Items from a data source

+--

(* Let $b,\beta,\gamma$ be real with $\beta>0$ and $0<b+1<\gamma<b+1+\beta$, and for $0\le v<1$ let $$K(v)=\frac{F(b,\beta;\gamma;v)}{F(b+1,\beta;\gamma;v)}.$$ Then: (i) $K(0)=1$; (ii) $\lim_{v\to1}K(v)=0$; (iii) if $b\ge0$, or if $-1<b<0$ and $\gamma\ge\beta$, then $K$ is monotone decreasing; (iv) if $-1<b<0$ and $\gamma<\beta$, then the minimum of $K$ is a negative value and $K(v)$ approaches $0$ from below as $v\to1$; moreover $\inf_{0\le v<1}K(v)\ge b/(b+1)$.
   Context: $F(\alpha,\beta;\gamma;z)=1+\sum_{i\ge1}\frac{(\alpha)_i(\beta)_i}{(\gamma)_i}\frac{z^i}{i!}$ is the Gauss hypergeometric function, with $(\alpha)_i=\alpha(\alpha+1)\cdots(\alpha+i-1)$, for $|z|<1$. *)

theory Defs
  imports "HOL-Analysis.Analysis"
begin

definition hyp2F1 :: "real \<Rightarrow> real \<Rightarrow> real \<Rightarrow> real \<Rightarrow> real" where
  "hyp2F1 a b c z =
     (\<Sum>n. pochhammer a n * pochhammer b n / pochhammer c n * z ^ n / fact n)"

end

theory Submission
  imports Defs
begin
lemma quadrupleE:
  assumes "quadruple t"
  obtains a b c d where "t = [a, b, c, d]"
    and "a \<in> carrier G" "b \<in> carrier G" "c \<in> carrier G" "d \<in> carrier G"
  using assms by (auto simp: quadruple_def numeral_eq_Suc length_Suc_conv)

lemma hstep_quadruple:
  "i \<in> {2, 3, 4} \<Longrightarrow> quadruple t \<Longrightarrow> quadruple (hstep G (i, b) t)"
  by (elim quadrupleE, cases b) (auto simp: hstep_quadruple_simps quadruple_def)

lemma hstep_conj_tuple:
  "i \<in> {2, 3, 4} \<Longrightarrow> quadruple t \<Longrightarrow> g \<in> carrier G \<Longrightarrow>
    hstep G (i, b) (conj_tuple g t) = conj_tuple g (hstep G (i, b) t)"
  by (elim quadrupleE, cases b) (auto simp: hstep_quadruple_simps conj_tuple_def group_word_simps)

lemma hstep_inverse:
  "i \<in> {2, 3, 4} \<Longrightarrow> quadruple t \<Longrightarrow> hstep G (i, \<not> b) (hstep G (i, b) t) = t"
  by (elim quadrupleE, cases b) (auto simp: hstep_quadruple_simps group_word_simps)

lemma act_word_conj_tuple:
  "braid_word w \<Longrightarrow> quadruple t \<Longrightarrow> g \<in> carrier G \<Longrightarrow>
    act_word G w (conj_tuple g t) = conj_tuple g (act_word G w t)"
  by (induction w arbitrary: t) (auto simp: braid_word_def hstep_quadruple hstep_conj_tuple)

lemma act_word_inv_word:
  "braid_word w \<Longrightarrow> quadruple t \<Longrightarrow> act_word G (inv_word w) (act_word G w t) = t"
proof (induction w arbitrary: t)
  case Nil
  then show ?case by (simp add: inv_word_def)
next
  case (Cons l w)
  obtain i b where l: "l = (i, b)" and i: "i \<in> {2, 3, 4}" and w: "braid_word w"
    using Cons.prems(1) by (cases l) (auto simp: braid_word_def)
  have "inv_word (l # w) = inv_word w @ [(i, \<not> b)]"
    by (simp add: inv_word_def l)
  then show ?case
    using Cons.IH [OF w hstep_quadruple [OF i Cons.prems(2)]] hstep_inverse [OF i Cons.prems(2)]
    by (simp add: act_word_append l)
qed

lemma tclass_conv: "tclass G t = (\<lambda>g. conj_tuple g t) ` carrier G"
  by (auto simp: tclass_def conj_tuple_def)

lemma conj_tuple_one: "set t \<subseteq> carrier G \<Longrightarrow> conj_tuple \<one> t = t"
  by (induction t) (auto simp: conj_tuple_def)

lemma conj_tuple_conj_tuple:
  "set t \<subseteq> carrier G \<Longrightarrow> g \<in> carrier G \<Longrightarrow> h \<in> carrier G \<Longrightarrow>
    conj_tuple h (conj_tuple g t) = conj_tuple (h \<otimes> g) t"
  by (induction t) (auto simp: conj_tuple_def group_word_simps)

lemma tclass_self: "set t \<subseteq> carrier G \<Longrightarrow> t \<in> tclass G t"
  using conj_tuple_one by (force simp: tclass_conv)

lemma set_conj_tuple: "set t \<subseteq> carrier G \<Longrightarrow> g \<in> carrier G \<Longrightarrow> set (conj_tuple g t) \<subseteq> carrier G"
  by (auto simp: conj_tuple_def)

lemma length_conj_tuple [simp]: "length (conj_tuple g t) = length t"
  by (simp add: conj_tuple_def)

lemma tclass_quadruple: "quadruple t \<Longrightarrow> tclass G t \<subseteq> Collect quadruple"
  using set_conj_tuple by (auto simp: tclass_conv quadruple_def)

lemma tclass_conj_tuple:
  assumes t: "set t \<subseteq> carrier G" and g: "g \<in> carrier G"
  shows "tclass G (conj_tuple g t) = tclass G t"
proof -
  have sub: "tclass G (conj_tuple h s) \<subseteq> tclass G s" if "set s \<subseteq> carrier G" "h \<in> carrier G" for h s
    using that by (auto simp: tclass_conv conj_tuple_conj_tuple)
  have "conj_tuple (inv g) (conj_tuple g t) = t"
    using assms by (simp add: conj_tuple_conj_tuple conj_tuple_one)
  then show ?thesis
    using sub [OF t g] sub [OF set_conj_tuple [OF t g] inv_closed [OF g]] by simp
qed

lemma tclass_eqE:
  assumes "tclass G t = tclass G t'" and "set t \<subseteq> carrier G"
  obtains g where "g \<in> carrier G" and "t = conj_tuple g t'"
proof -
  have "t \<in> tclass G t'"
    using tclass_self [OF assms(2)] assms(1) by simp
  then show thesis
    using that by (auto simp: tclass_conv)
qed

+--

## Exercise instructions
Only the lines from the one with "G (conj_tuple g" through the final line above belong in the answer, each reproduced word for word.

## Answer space
  shows "tclass G (conj_tuple g t) = tclass G t"
proof -
  have sub: "tclass G (conj_tuple h s) \<subseteq> tclass G s" if "set s \<subseteq> carrier G" "h \<in> carrier G" for h s
    using that by (auto simp: tclass_conv conj_tuple_conj_tuple)
  have "conj_tuple (inv g) (conj_tuple g t) = t"
    using assms by (simp add: conj_tuple_conj_tuple conj_tuple_one)
  then show ?thesis
    using sub [OF t g] sub [OF set_conj_tuple [OF t g] inv_closed [OF g]] by simp
qed

lemma tclass_eqE:
  assumes "tclass G t = tclass G t'" and "set t \<subseteq> carrier G"
  obtains g where "g \<in> carrier G" and "t = conj_tuple g t'"
proof -
  have "t \<in> tclass G t'"
    using tclass_self [OF assms(2)] assms(1) by simp
  then show thesis
    using that by (auto simp: tclass_conv)
qed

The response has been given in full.